# What needs to be done:
When you spot the word "imports" in a line of the data below, copy that line.

Collected data entries
Start of Block
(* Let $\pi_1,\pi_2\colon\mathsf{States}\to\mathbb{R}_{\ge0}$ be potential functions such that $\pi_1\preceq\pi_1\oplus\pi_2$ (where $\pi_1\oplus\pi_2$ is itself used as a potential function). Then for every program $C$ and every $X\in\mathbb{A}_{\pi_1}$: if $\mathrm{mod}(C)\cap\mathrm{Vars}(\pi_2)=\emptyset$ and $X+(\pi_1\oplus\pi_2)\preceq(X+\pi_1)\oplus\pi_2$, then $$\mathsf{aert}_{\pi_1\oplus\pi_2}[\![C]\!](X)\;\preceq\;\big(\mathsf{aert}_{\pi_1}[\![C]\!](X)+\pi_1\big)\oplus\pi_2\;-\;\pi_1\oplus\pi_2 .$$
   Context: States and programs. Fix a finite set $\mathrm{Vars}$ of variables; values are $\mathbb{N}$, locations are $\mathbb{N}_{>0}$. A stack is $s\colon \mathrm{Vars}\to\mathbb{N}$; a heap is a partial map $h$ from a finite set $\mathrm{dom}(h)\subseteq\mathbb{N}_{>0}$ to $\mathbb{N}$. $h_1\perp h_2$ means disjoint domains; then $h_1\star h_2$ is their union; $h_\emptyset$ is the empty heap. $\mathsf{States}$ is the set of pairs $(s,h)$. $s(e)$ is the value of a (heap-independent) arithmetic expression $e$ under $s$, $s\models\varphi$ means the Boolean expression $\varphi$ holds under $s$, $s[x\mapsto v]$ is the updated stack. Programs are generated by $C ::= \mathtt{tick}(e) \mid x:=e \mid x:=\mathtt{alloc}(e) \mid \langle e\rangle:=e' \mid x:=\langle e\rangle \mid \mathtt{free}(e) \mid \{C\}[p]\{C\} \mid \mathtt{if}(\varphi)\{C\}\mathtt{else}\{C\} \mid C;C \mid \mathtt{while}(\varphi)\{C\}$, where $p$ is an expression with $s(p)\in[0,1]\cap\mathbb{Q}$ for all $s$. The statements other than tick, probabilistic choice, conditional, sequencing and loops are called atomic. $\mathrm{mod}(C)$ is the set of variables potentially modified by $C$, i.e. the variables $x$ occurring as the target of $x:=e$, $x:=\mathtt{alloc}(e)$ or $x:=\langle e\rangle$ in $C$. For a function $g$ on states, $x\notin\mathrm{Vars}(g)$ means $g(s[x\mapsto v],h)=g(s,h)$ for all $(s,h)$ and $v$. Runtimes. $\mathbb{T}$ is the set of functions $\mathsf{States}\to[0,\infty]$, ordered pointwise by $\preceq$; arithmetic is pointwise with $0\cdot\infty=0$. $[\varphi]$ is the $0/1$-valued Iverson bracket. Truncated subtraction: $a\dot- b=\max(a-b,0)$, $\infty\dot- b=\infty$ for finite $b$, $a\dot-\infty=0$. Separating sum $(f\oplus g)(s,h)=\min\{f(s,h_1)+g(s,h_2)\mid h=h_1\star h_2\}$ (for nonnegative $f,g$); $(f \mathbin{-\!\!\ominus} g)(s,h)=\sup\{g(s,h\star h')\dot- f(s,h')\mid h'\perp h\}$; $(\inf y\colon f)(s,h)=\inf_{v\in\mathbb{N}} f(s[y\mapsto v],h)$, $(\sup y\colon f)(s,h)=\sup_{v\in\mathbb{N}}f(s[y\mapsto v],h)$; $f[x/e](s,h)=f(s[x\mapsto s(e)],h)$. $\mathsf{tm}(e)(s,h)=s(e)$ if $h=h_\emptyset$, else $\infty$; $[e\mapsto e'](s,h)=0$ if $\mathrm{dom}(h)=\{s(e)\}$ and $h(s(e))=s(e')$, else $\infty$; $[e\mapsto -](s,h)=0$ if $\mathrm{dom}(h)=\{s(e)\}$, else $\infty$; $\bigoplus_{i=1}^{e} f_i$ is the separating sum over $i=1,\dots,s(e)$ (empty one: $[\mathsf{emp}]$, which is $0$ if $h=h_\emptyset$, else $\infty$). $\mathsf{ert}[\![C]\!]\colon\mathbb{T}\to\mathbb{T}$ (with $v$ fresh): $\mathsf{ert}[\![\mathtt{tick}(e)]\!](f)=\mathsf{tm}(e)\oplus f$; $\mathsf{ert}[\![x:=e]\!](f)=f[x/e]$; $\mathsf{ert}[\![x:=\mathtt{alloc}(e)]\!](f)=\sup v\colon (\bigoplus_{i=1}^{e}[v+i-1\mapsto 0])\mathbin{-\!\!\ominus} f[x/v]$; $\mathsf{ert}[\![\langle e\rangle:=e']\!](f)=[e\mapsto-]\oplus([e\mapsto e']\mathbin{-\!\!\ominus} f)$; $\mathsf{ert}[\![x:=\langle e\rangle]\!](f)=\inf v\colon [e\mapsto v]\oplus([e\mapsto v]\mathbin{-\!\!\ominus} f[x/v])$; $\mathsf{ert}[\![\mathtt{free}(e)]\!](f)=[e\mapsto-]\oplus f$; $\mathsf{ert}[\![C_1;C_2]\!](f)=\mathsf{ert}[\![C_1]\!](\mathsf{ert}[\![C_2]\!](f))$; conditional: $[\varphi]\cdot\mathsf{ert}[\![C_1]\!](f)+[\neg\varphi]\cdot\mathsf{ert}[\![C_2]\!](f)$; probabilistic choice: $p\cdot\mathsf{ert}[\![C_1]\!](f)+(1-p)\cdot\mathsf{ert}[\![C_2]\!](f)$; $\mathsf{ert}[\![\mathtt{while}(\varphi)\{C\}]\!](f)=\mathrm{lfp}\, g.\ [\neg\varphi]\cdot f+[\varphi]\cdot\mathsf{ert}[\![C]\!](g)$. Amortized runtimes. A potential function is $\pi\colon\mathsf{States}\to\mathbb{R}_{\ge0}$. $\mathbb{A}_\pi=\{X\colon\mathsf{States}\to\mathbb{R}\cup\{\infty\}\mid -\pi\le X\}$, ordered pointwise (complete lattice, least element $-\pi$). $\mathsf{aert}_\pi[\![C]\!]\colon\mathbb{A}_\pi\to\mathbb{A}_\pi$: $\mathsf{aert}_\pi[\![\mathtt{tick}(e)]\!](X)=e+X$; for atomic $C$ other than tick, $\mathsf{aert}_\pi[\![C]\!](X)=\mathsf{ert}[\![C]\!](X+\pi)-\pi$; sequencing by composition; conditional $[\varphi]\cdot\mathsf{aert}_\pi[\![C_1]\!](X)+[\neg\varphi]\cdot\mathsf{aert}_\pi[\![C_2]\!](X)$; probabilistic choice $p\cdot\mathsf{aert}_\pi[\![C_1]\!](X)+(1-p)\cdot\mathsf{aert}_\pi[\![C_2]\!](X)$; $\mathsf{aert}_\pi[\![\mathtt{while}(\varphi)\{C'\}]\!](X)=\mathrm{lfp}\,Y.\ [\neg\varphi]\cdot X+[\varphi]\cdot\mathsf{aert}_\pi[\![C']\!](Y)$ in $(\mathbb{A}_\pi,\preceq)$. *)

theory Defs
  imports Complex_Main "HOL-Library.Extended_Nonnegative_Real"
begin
End of Block
Start of Block
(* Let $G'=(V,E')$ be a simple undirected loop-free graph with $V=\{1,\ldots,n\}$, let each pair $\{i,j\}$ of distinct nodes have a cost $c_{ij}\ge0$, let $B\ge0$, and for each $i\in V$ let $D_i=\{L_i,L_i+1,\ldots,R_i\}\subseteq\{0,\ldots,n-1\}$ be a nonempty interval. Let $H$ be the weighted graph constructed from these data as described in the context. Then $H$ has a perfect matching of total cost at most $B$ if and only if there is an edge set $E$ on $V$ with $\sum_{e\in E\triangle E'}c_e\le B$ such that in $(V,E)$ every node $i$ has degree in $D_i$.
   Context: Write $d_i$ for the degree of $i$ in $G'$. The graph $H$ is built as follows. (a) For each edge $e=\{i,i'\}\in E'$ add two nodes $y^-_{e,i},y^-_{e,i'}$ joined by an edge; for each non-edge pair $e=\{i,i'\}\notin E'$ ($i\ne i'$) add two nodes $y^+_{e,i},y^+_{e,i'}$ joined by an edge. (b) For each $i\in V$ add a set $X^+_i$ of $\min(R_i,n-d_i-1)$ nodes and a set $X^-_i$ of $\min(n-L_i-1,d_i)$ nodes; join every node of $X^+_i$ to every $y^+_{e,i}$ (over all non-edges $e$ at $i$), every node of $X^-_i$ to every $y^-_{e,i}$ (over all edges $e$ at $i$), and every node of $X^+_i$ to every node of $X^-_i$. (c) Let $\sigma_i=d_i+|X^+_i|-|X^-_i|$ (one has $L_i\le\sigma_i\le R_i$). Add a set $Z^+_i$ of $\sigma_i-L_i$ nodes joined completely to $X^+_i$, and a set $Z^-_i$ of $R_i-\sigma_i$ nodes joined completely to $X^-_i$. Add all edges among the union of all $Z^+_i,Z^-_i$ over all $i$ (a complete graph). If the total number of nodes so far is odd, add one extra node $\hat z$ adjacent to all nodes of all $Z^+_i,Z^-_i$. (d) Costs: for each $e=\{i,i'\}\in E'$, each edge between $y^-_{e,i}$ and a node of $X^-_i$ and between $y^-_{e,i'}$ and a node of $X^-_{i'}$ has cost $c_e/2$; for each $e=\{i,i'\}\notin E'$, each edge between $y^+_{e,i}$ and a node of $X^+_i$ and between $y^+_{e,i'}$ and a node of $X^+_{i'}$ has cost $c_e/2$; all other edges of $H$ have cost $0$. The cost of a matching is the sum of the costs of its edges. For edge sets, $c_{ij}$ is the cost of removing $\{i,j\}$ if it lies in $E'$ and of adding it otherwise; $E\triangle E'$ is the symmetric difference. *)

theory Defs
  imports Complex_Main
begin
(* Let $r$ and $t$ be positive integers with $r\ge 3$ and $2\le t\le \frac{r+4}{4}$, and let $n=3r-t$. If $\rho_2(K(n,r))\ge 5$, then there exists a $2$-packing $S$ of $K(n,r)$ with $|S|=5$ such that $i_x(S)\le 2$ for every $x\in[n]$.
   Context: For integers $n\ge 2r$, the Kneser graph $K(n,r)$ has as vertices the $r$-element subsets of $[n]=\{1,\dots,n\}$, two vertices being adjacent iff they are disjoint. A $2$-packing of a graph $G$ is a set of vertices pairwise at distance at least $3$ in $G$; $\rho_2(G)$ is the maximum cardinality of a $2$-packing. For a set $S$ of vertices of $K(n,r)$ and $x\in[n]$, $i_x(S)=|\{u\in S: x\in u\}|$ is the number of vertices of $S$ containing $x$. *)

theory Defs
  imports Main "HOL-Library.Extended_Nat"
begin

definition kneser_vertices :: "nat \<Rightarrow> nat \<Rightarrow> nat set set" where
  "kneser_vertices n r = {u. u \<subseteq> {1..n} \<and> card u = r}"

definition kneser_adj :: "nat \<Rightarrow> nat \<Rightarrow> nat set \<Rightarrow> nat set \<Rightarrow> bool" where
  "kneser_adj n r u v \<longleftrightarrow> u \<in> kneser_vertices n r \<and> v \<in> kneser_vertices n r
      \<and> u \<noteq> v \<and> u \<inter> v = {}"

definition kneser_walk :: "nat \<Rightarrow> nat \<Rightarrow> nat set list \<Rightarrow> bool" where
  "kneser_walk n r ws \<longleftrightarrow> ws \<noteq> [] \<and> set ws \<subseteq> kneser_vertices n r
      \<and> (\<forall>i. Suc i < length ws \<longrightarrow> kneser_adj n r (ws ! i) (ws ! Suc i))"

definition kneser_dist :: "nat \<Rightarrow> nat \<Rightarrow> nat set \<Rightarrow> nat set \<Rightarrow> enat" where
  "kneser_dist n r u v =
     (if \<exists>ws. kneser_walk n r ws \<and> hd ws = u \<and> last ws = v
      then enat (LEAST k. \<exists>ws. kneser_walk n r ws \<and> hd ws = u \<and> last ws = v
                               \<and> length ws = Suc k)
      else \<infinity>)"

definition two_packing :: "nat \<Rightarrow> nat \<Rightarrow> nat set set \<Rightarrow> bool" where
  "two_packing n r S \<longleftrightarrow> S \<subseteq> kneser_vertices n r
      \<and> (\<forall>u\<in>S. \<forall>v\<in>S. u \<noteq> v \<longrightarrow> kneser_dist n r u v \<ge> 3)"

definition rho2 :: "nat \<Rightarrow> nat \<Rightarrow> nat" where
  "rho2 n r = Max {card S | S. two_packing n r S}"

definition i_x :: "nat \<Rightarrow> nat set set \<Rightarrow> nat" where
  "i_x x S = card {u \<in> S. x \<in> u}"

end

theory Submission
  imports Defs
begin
End of Block
# Solution to the problem:
  imports Complex_Main "HOL-Library.Extended_Nonnegative_Real"
  imports Complex_Main
  imports Main "HOL-Library.Extended_Nat"
  imports Defs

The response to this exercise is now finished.